BRAVERY=my anti-love.

afraid.

this ain’t no time to be afraid no more, it’s time for bravery.

good will hunting syndrome

idea.

who knows if she likes me, she might only like the idea of me.

so we going head out to bar, yessir, i have my i.d. up on me.

bouncers trying to cockblock, leaving pine trees upon me.

this isn’t life, i usually only went for girls that didn’t want me.

it’s possible that she only might be attracted to my environment.

white kid from the other side of town, thats raps and is fly with it.

go ahead take your little fame, you bit off his whole style.

in your habitat you might have no ceilings, but i have no tiles.

the finals are haunting, there is no interest in perception.

every innocent gesture can turn into a figment of conception.

in class i sit in the back and never listen to the lecture.

because my flow is cerebral, serve them then, dish out questions.

ever since i was a pigment in a disastrous territory.

i blasted my nemesis’ glory, which meant myself was bashed in a better story.

never does life forever bore me, reflexes i test with coffee.

the concept of regret is a selfish torpedo aimed at breasts in arm reach.

when i was an infant circulating my mothers womb.

i strangled my brothers lungs and brought pain to upcoming tomb.

it’s very simple to give up, and toss away potential.

i cross the pain essential, like i cross my a’s with a pencil.

never stay forgetful, i remember every particular occurrence.

so much shame i’ve brought to my family tree that its bark is an ember burning.

theviewfromthelowdive:

I still cringe when i hear myself perform.  Maybe one day i won’t.
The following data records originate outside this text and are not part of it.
theory Submission
  imports Defs
begin

text \<open>By counitality of \<open>\<delta>\<close>, \<open>(X \<otimes> \<epsilon>) \<circ> (p \<otimes> H) \<circ> \<delta> = p\<close>. Hence if \<open>f \<circ> p = g \<circ> p\<close>, the pair
  \<open>(f, g \<circ> (X \<otimes> \<epsilon>))\<close> is a cocone on the pushout span and induces \<open>k : X \<bullet> H \<rightarrow> Z\<close>. After the
  epimorphism \<open>\<pi>\<close>, \<open>k\<close> agrees with \<open>g \<circ> (X \<bullet> \<epsilon>)\<close>, so the two are equal, and precomposing
  with \<open>\<rho>\<close> gives \<open>f = g\<close> since \<open>X \<bullet> \<epsilon>\<close> is a retraction of \<open>\<rho>\<close> (GP1).\<close>

lemma category_comp_in_Hom:
  assumes "category C" "f \<in> Hom C A B" "g \<in> Hom C B D"
  shows "comp C g f \<in> Hom C A D"
  using assms unfolding category_def by meson+

lemma category_idm_in_Hom:
  assumes "category C" "A \<in> Ob C"
  shows "idm C A \<in> Hom C A A"
  using assms unfolding category_def by meson+

lemma category_Hom_objects:
  assumes "category C" "f \<in> Hom C A B"
  shows "A \<in> Ob C" "B \<in> Ob C"
  using assms unfolding category_def by meson+

lemma category_comp_idm_left:
  assumes "category C" "f \<in> Hom C A B"
  shows "comp C (idm C B) f = f"
  using assms unfolding category_def by meson+

lemma category_comp_idm_right:
  assumes "category C" "f \<in> Hom C A B"
  shows "comp C f (idm C A) = f"
  using assms unfolding category_def by meson+

lemma category_comp_assoc:
  assumes "category C" "f \<in> Hom C A B" "g \<in> Hom C B D" "h \<in> Hom C D E"
  shows "comp C h (comp C g f) = comp C (comp C h g) f"
  using assms unfolding category_def by meson+

lemma strict_monoidal_category_category:
  "strict_monoidal_category C \<Longrightarrow> category C"
  unfolding strict_monoidal_category_def by meson
(* Let $n\ge 2$ and let $P=[p_{ij}]\in\mathbb{R}^{n\times n}$ be an irreducible row-stochastic matrix, viewed as the transition matrix of a Markov chain (random walk) on the node set $N=\{1,\dots,n\}$. For $i\neq j$ let $\varepsilon_{ij}$ be the probability that the chain started at node $i$ visits node $j$ before returning to node $i$ (i.e. before its first return to $i$ at a time $\ge 1$), and set $\varepsilon_{ii}=\sum_{k\neq i}(1-\varepsilon_{ik})$. Then for all $i\neq j$, $$\varepsilon_{ij}=\mathcal{I}_{\{i,j\}}(P)_{ij},$$ and for all $i\in N$, $$\varepsilon_{ii}=\sum_{k\in N,\,k\neq i}\mathcal{I}_{\{i,k\}}(P)_{ii}.$$ In other words, the matrix $[\varepsilon_{ij}]$ coincides with the effective transition matrix $\mathcal{E}(P)$.
   Context: For a matrix $M\in\mathbb{R}^{n\times n}$ and $R,C\subseteq N=\{1,\dots,n\}$, $M_{RC}$ denotes the submatrix with rows indexed by $R$ and columns indexed by $C$, and $\bar S=N\setminus S$. The isoradial reduction of $M$ over a nonempty $S\subseteq N$ is $$\mathcal{I}_S(M)=M_{SS}-M_{S\bar S}\big(M_{\bar S\bar S}-\rho(M)I\big)^{-1}M_{\bar S S}\in\mathbb{R}^{|S|\times|S|},$$ where $\rho(M)$ is the spectral radius of $M$ (the correction term is omitted if $\bar S=\emptyset$); its rows and columns are indexed by the elements of $S$, so for $S=\{i,k\}$ the entries are $\mathcal{I}_{\{i,k\}}(M)_{ii},\mathcal{I}_{\{i,k\}}(M)_{ik},\mathcal{I}_{\{i,k\}}(M)_{ki},\mathcal{I}_{\{i,k\}}(M)_{kk}$. (For $M$ nonnegative irreducible these reductions exist.) The effective transition matrix of a nonnegative irreducible $M$ is $\mathcal{E}(M)=[\varepsilon_{ij}]$ with $\varepsilon_{ij}=\mathcal{I}_{\{i,j\}}(M)_{ij}$ for $i\neq j$ and $\varepsilon_{ii}=\sum_{k\neq i}\mathcal{I}_{\{i,k\}}(M)_{ii}$. *)

theory Defs
  imports "Jordan_Normal_Form.Spectral_Radius" "Jordan_Normal_Form.DL_Submatrix"
    "Jordan_Normal_Form.Gauss_Jordan_Elimination"
begin

text \<open>Nodes are indexed 0..n-1 (instead of 1..n).\<close>

definition row_stochastic :: "real mat \<Rightarrow> bool" where
  "row_stochastic P \<longleftrightarrow> dim_row P = dim_col P
     \<and> (\<forall>i<dim_row P. \<forall>j<dim_col P. P $$ (i,j) \<ge> 0)
     \<and> (\<forall>i<dim_row P. (\<Sum>j<dim_col P. P $$ (i,j)) = 1)"

definition irreducible_mat :: "real mat \<Rightarrow> bool" where
  "irreducible_mat P \<longleftrightarrow> dim_row P = dim_col P
     \<and> (\<forall>i<dim_row P. \<forall>j<dim_row P. \<exists>k. (P ^\<^sub>m k) $$ (i,j) > 0)"

definition spec_rad :: "real mat \<Rightarrow> real" where
  "spec_rad M = spectral_radius (map_mat complex_of_real M)"

text \<open>Isoradial reduction over S; rows/columns of the result are the elements of S
  in increasing order (as in submatrix).\<close>
definition isoradial_reduction :: "nat set \<Rightarrow> real mat \<Rightarrow> real mat" where
  "isoradial_reduction S M =
     (let Sb = {0..<dim_row M} - S in
      if Sb = {} then submatrix M S S
      else submatrix M S S - submatrix M S Sb
             * the (mat_inverse (submatrix M Sb Sb - spec_rad M \<cdot>\<^sub>m 1\<^sub>m (card Sb)))
             * submatrix M Sb S)"

definition iso_entry :: "nat set \<Rightarrow> real mat \<Rightarrow> nat \<Rightarrow> nat \<Rightarrow> real" where
  "iso_entry S M a b = isoradial_reduction S M $$ (card {x\<in>S. x < a}, card {x\<in>S. x < b})"

text \<open>Path of length Suc m from i to j with intermediate states x 1, ..., x m.\<close>
definition walk :: "nat \<Rightarrow> nat \<Rightarrow> nat \<Rightarrow> (nat \<Rightarrow> nat) \<Rightarrow> nat \<Rightarrow> nat" where
  "walk i j m x t = (if t = 0 then i else if t = Suc m then j else x t)"

text \<open>Probability that the chain with transition matrix P started at i visits j
  before returning to i: sum over the lengths Suc m of the first hitting time of {i,j}
  (at j) of the probabilities of all paths i, x 1, ..., x m, j with x t not in {i,j}.\<close>
definition visit_before_return :: "real mat \<Rightarrow> nat \<Rightarrow> nat \<Rightarrow> real" where
  "visit_before_return P i j =
     (\<Sum>m. \<Sum>x\<in>{1..m} \<rightarrow>\<^sub>E ({0..<dim_row P} - {i,j}).
        \<Prod>t\<le>m. P $$ (walk i j m x t, walk i j m x (Suc t)))"

end

(* Fix i ~= j, let B = N - {i,j} and let h b be the probability that the walk started at b
   enters {i,j} (at a time >= 1) first at j.  First-step analysis gives h = P_Bj + P_BB h on B
   and eps_ij = p_ij + P_iB h.  A stochastic matrix has spectral radius 1, and irreducibility
   makes P_BB - I invertible: by the maximum principle every solution of f = P_BB f vanishes.
   Hence h = -(P_BB - I)^-1 P_Bj, which turns the Schur complement defining the isoradial
   entry I_{i,j}(P)_ij into p_ij + P_iB h = eps_ij.  The same argument applied to 1 - h, the
   probability of entering {i,j} first at i, gives I_{i,j}(P)_ii = 1 - eps_ij. *)

theory Submission
  imports Defs
begin

lemma mult_mat_vec_index_sum:
  assumes "A \<in> carrier_mat n n" "v \<in> carrier_vec n" "a < n"
  shows "(A *\<^sub>v v) $ a = (\<Sum>b<n. A $$ (a,b) * v $ b)"
  using assms by (auto simp: scalar_prod_def atLeast0LessThan intro!: sum.cong)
Heres the Grand Slam.  Props to the video makers who are anonymous to me

-

I am included in some minor parts of this video. Props to my dude Chris Milea for taking it all. It was a great event and an important moment in my life. I realized I am an emcee and will always be one. M.C. master of ceremonies, huh, doesn’t sound too bad, I think I can live with it. The time will come when success will flourish, until then, all I got to shed is this “alternative” energy, E=mc² …. makes sense after all.

through the wire.

through the wire, i have dominated my mentality.

friends battle me, so i fight wars,  but often my pen is the casualty.

i possess violence, stress silences amongst depressed tyrants.

i don’t mess with conspirators, i take steps, only to invent miles.

sometimes i act retarded to bargain with professors.

and often, I talk about topics that are nostalgic during lectures.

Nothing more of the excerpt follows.